## Work item:
Tally the lines in the entries where the string "exists" appears, and write only the total.

## Provided information:

text \<open>vertical endomorphism S^j: S^j(d/du_n) = (|n|+1) d/du_{n+j};
  Smat j m n is the component of S^j(d/du_n) along d/du_m\<close>
definition Smat :: "nat \<Rightarrow> 'a idx \<Rightarrow> 'a idx \<Rightarrow> real" where
  "Smat j m n = (if fst m = fst n \<and> snd m = sh j (snd n) then real (jord n + 1) else 0)"

definition Svf :: "nat \<Rightarrow> 'a vf \<Rightarrow> 'a vf" where
  "Svf j X = (\<lambda>m x. Sum_any (\<lambda>n. Smat j m n * X n x))"

text \<open>S^j acting on forms as the degree-zero derivation\<close>
definition Sform :: "nat \<Rightarrow> 'a form \<Rightarrow> 'a form" where
  "Sform j \<omega> = (\<lambda>is x. \<Sum>a<length is. Sum_any (\<lambda>m. Smat j m (is ! a) * \<omega> (is[a := m]) x))"

definition Delta1 :: "nat \<Rightarrow> nat \<Rightarrow> 'a vf" where
  "Delta1 i j = Svf i (Tvf j)"
definition Delta2 :: "nat \<Rightarrow> nat \<Rightarrow> nat \<Rightarrow> 'a vf" where
  "Delta2 i k j = Svf i (Svf k (Tvf j))"

definition homogeneous :: "'a pt set \<Rightarrow> ('a pt \<Rightarrow> real) \<Rightarrow> bool" where
  "homogeneous U L \<longleftrightarrow>
     (\<forall>i\<in>{1,2}. \<forall>j\<in>{1,2}. \<forall>x\<in>U. lie (Delta1 i j) (fn0 L) [] x = (if i = j then L x else 0)) \<and>
     (\<forall>i\<in>{1,2}. \<forall>k\<in>{1,2}. \<forall>j\<in>{1,2}. \<forall>x\<in>U. lie (Delta2 i k j) (fn0 L) [] x = 0)"

definition hilbert :: "('a pt \<Rightarrow> real) \<Rightarrow> nat \<Rightarrow> 'a form" where
  "hilbert L i = (\<lambda>is x. Sform i (dform (fn0 L)) is x
      - 1/2 * (\<Sum>j\<in>{1,2}. lie (Tvf j) (Sform j (Sform i (dform (fn0 L)))) is x))"

definition Pop :: "nat \<Rightarrow> 'a form \<Rightarrow> 'a form" where
  "Pop i \<omega> = (\<lambda>is x. 1/4 * Sform i \<omega> is x
      - 1/24 * (\<Sum>j\<in>{1,2}. lie (Tvf j) (Sform j (Sform i \<omega>)) is x)
      + 1/192 * (\<Sum>j\<in>{1,2}. \<Sum>k\<in>{1,2}.
           lie (Tvf j) (lie (Tvf k) (Sform j (Sform k (Sform i \<omega>)))) is x))"

definition fundamental_form :: "('a pt \<Rightarrow> real) \<Rightarrow> 'a form" where
  "fundamental_form L = (\<lambda>is x. Pop 2 (dform (hilbert L 1)) is x - Pop 1 (dform (hilbert L 2)) is x)"

text \<open>omega (on U) is the pull-back of a form on F^k: only d u of order <= k occur and
  the coefficients depend only on coordinates of order <= k\<close>
definition projectable_to :: "nat \<Rightarrow> 'a pt set \<Rightarrow> 'a form \<Rightarrow> bool" where
  "projectable_to k U \<omega> \<longleftrightarrow>
     (\<forall>x\<in>U. \<forall>is. (\<exists>m\<in>set is. jord m > k) \<longrightarrow> \<omega> is x = 0) \<and>
     (\<forall>x\<in>U. \<forall>y. agree_upto k x y \<longrightarrow> (\<forall>is. \<omega> is x = \<omega> is y))"

definition horizontal_over :: "nat \<Rightarrow> nat \<Rightarrow> 'a pt set \<Rightarrow> 'a form \<Rightarrow> bool" where
  "horizontal_over k l U \<omega> \<longleftrightarrow>
     (\<forall>X::'a vf. (\<forall>m x. (jord m \<le> k \<or> jord m > l) \<longrightarrow> X m x = 0) \<longrightarrow>
        (\<forall>x\<in>U. \<forall>is. ctr X \<omega> is x = 0))"

end

theory Submission
  imports Defs
begin

(* Give the coordinate u^alpha_I the order |I| and a list of coordinates the weight sum |I|;
   a form has weight at most s if its components on lists of weight > s vanish.  S^j lowers
   this bound by one; the total derivative d_j raises it by one and raises by one the order of
   the coordinates the coefficients depend on; d raises it by at most the order of the
   coordinates the coefficients depend on.  Thus dL has weight 2 with coefficients on F^2, and
   vartheta^i has weight 1 with coefficients on F^3, those of weight 1 even on F^2, so that
   d vartheta^i has weight 3.  Each term of P^i_(1) has one more S than d_j, so Theta has
   weight 2: only du of order at most 2 occur in it, which is horizontality over F^2.  The
   naive count puts the coefficients of Theta on F^5; it improves to F^4 because the term
   d_{jk} S^{jki} only sees the weight-3 components of d vartheta^i, which live on F^2. *)

lemma ipd_append: "ipd (is @ js) f = ipd is (ipd js f)"
  by (induction "is") auto

lemma pd_const: "pd i (\<lambda>_. c) = (\<lambda>_. 0)"
  by (simp add: pd_def fun_eq_iff)

lemma ipd_Cons_const: "ipd (i # is) (\<lambda>_. c) = (\<lambda>_. 0)"
  by (induction "is" arbitrary: i) (simp_all only: ipd.simps pd_const)

lemma pd_coord: "pd i (\<lambda>x. x m) = (\<lambda>x. if i = m then 1 else 0)"
  by (auto simp: pd_def fun_eq_iff)

lemma ipd_coord_cases: "ipd is (\<lambda>x. x m) = (\<lambda>x. x m) \<or> (\<exists>c. ipd is (\<lambda>x. x m) = (\<lambda>_. c))"
proof (induction "is")
  case (Cons a "is")
  then show ?case by (auto simp: pd_coord pd_const)
qed simp

lemma agree_upto_mono: "agree_upto k x y \<Longrightarrow> j \<le> k \<Longrightarrow> agree_upto j x y"
  unfolding agree_upto_def by auto

definition weight :: "'a idx list \<Rightarrow> nat" where
  "weight is = sum_list (map jord is)"

definition raise_idx :: "nat \<Rightarrow> 'a idx \<Rightarrow> 'a idx" where
  "raise_idx j n = (fst n, sh j (snd n))"

definition lowerable :: "nat \<Rightarrow> 'a idx \<Rightarrow> bool" where
  "lowerable j c \<longleftrightarrow> (if j = 1 then 0 < fst (snd c) else 0 < snd (snd c))"

definition lower_idx :: "nat \<Rightarrow> 'a idx \<Rightarrow> 'a idx" where
  "lower_idx j c = (fst c, if j = 1 then (fst (snd c) - 1, snd (snd c)) else (fst (snd c), snd (snd c) - 1))"

definition drop_nth :: "nat \<Rightarrow> 'b list \<Rightarrow> 'b list" where
  "drop_nth p xs = take p xs @ drop (Suc p) xs"

definition idx_upto :: "nat \<Rightarrow> 'a idx set" where
  "idx_upto N = {m. jord m \<le> N}"

lemma jord_raise_idx: "jord (raise_idx j n) = Suc (jord n)"
  by (simp add: raise_idx_def jord_def sh_def)

lemma raise_idx_eq_iff: "c = raise_idx j m \<longleftrightarrow> lowerable j c \<and> m = lower_idx j c"
  by (cases c; cases m) (auto simp: raise_idx_def sh_def lowerable_def lower_idx_def)

lemma jord_lower_idx: "lowerable j c \<Longrightarrow> Suc (jord (lower_idx j c)) = jord c"
  by (cases c) (auto simp: lowerable_def lower_idx_def jord_def)

lemma finite_idx_upto: "finite (idx_upto N :: ('a::finite) idx set)"
proof (rule finite_subset)
  show "idx_upto N \<subseteq> UNIV \<times> ({..N} \<times> {..N})" by (auto simp: idx_upto_def jord_def)
qed auto

lemma weight_Cons: "weight (m # xs) = jord m + weight xs"
  by (simp add: weight_def)

lemma jord_le_weight: "m \<in> set is \<Longrightarrow> jord m \<le> weight is"
  unfolding weight_def by (simp add: member_le_sum_list)

lemma weight_list_update: "a < length is \<Longrightarrow> weight (is[a := m]) + jord (is ! a) = weight is + jord m"
proof (induction "is" arbitrary: a)
  case (Cons b "is") then show ?case by (cases a) (auto simp: weight_def)
qed simp

lemma weight_raise_nth: "a < length is \<Longrightarrow> weight (is[a := raise_idx j (is ! a)]) = Suc (weight is)"
  using weight_list_update[of a "is" "raise_idx j (is ! a)"] by (simp add: jord_raise_idx)

lemma weight_drop_nth: "p < length xs \<Longrightarrow> weight (drop_nth p xs) + jord (xs ! p) = weight xs"
  by (subst (3) id_take_nth_drop[of p xs]) (simp_all add: weight_def drop_nth_def)

lemma weight_lower_drop_nth:
  "p < length xs \<Longrightarrow> lowerable j (xs ! p) \<Longrightarrow> Suc (weight (lower_idx j (xs ! p) # drop_nth p xs)) = weight xs"
  using weight_drop_nth[of p xs] jord_lower_idx[of j "xs ! p"] by (simp add: weight_Cons)

lemma sum_list_concat_map_pairs:
  "(\<Sum>p\<leftarrow>concat (map (\<lambda>p. [F p, G p]) ps). fst p x * snd p x) =
    (\<Sum>p\<leftarrow>ps. fst (F p) x * snd (F p) x + fst (G p) x * snd (G p) x)"
  by (induction ps) (auto simp: add.assoc)

lemma Smat_eq: "Smat j m n = (if m = raise_idx j n then real (jord n + 1) else 0)"
  by (cases m; cases n) (auto simp: Smat_def raise_idx_def)

lemma Sform_eq:
  "Sform j \<omega> is x = (\<Sum>a<length is. real (jord (is ! a) + 1) * \<omega> (is[a := raise_idx j (is ! a)]) x)"
proof -
  have "Sum_any (\<lambda>m. Smat j m (is ! a) * \<omega> (is[a := m]) x)
      = real (jord (is ! a) + 1) * \<omega> (is[a := raise_idx j (is ! a)]) x" for a
  proof -
    have "Sum_any (\<lambda>m. Smat j m (is ! a) * \<omega> (is[a := m]) x)
        = Sum_any (\<lambda>m. if m = raise_idx j (is ! a) then real (jord (is ! a) + 1) * \<omega> (is[a := m]) x else 0)"
      by (intro arg_cong[where f = Sum_any] ext) (simp add: Smat_eq)
    then show ?thesis by simp
  qed
  then show ?thesis unfolding Sform_def by simp
qed

lemma dform_eq: "dform \<omega> is x = (\<Sum>p<length is. (-1) ^ p * pd (is ! p) (\<omega> (drop_nth p is)) x)"
  by (simp add: dform_def drop_nth_def)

## Answer to this exercise:
2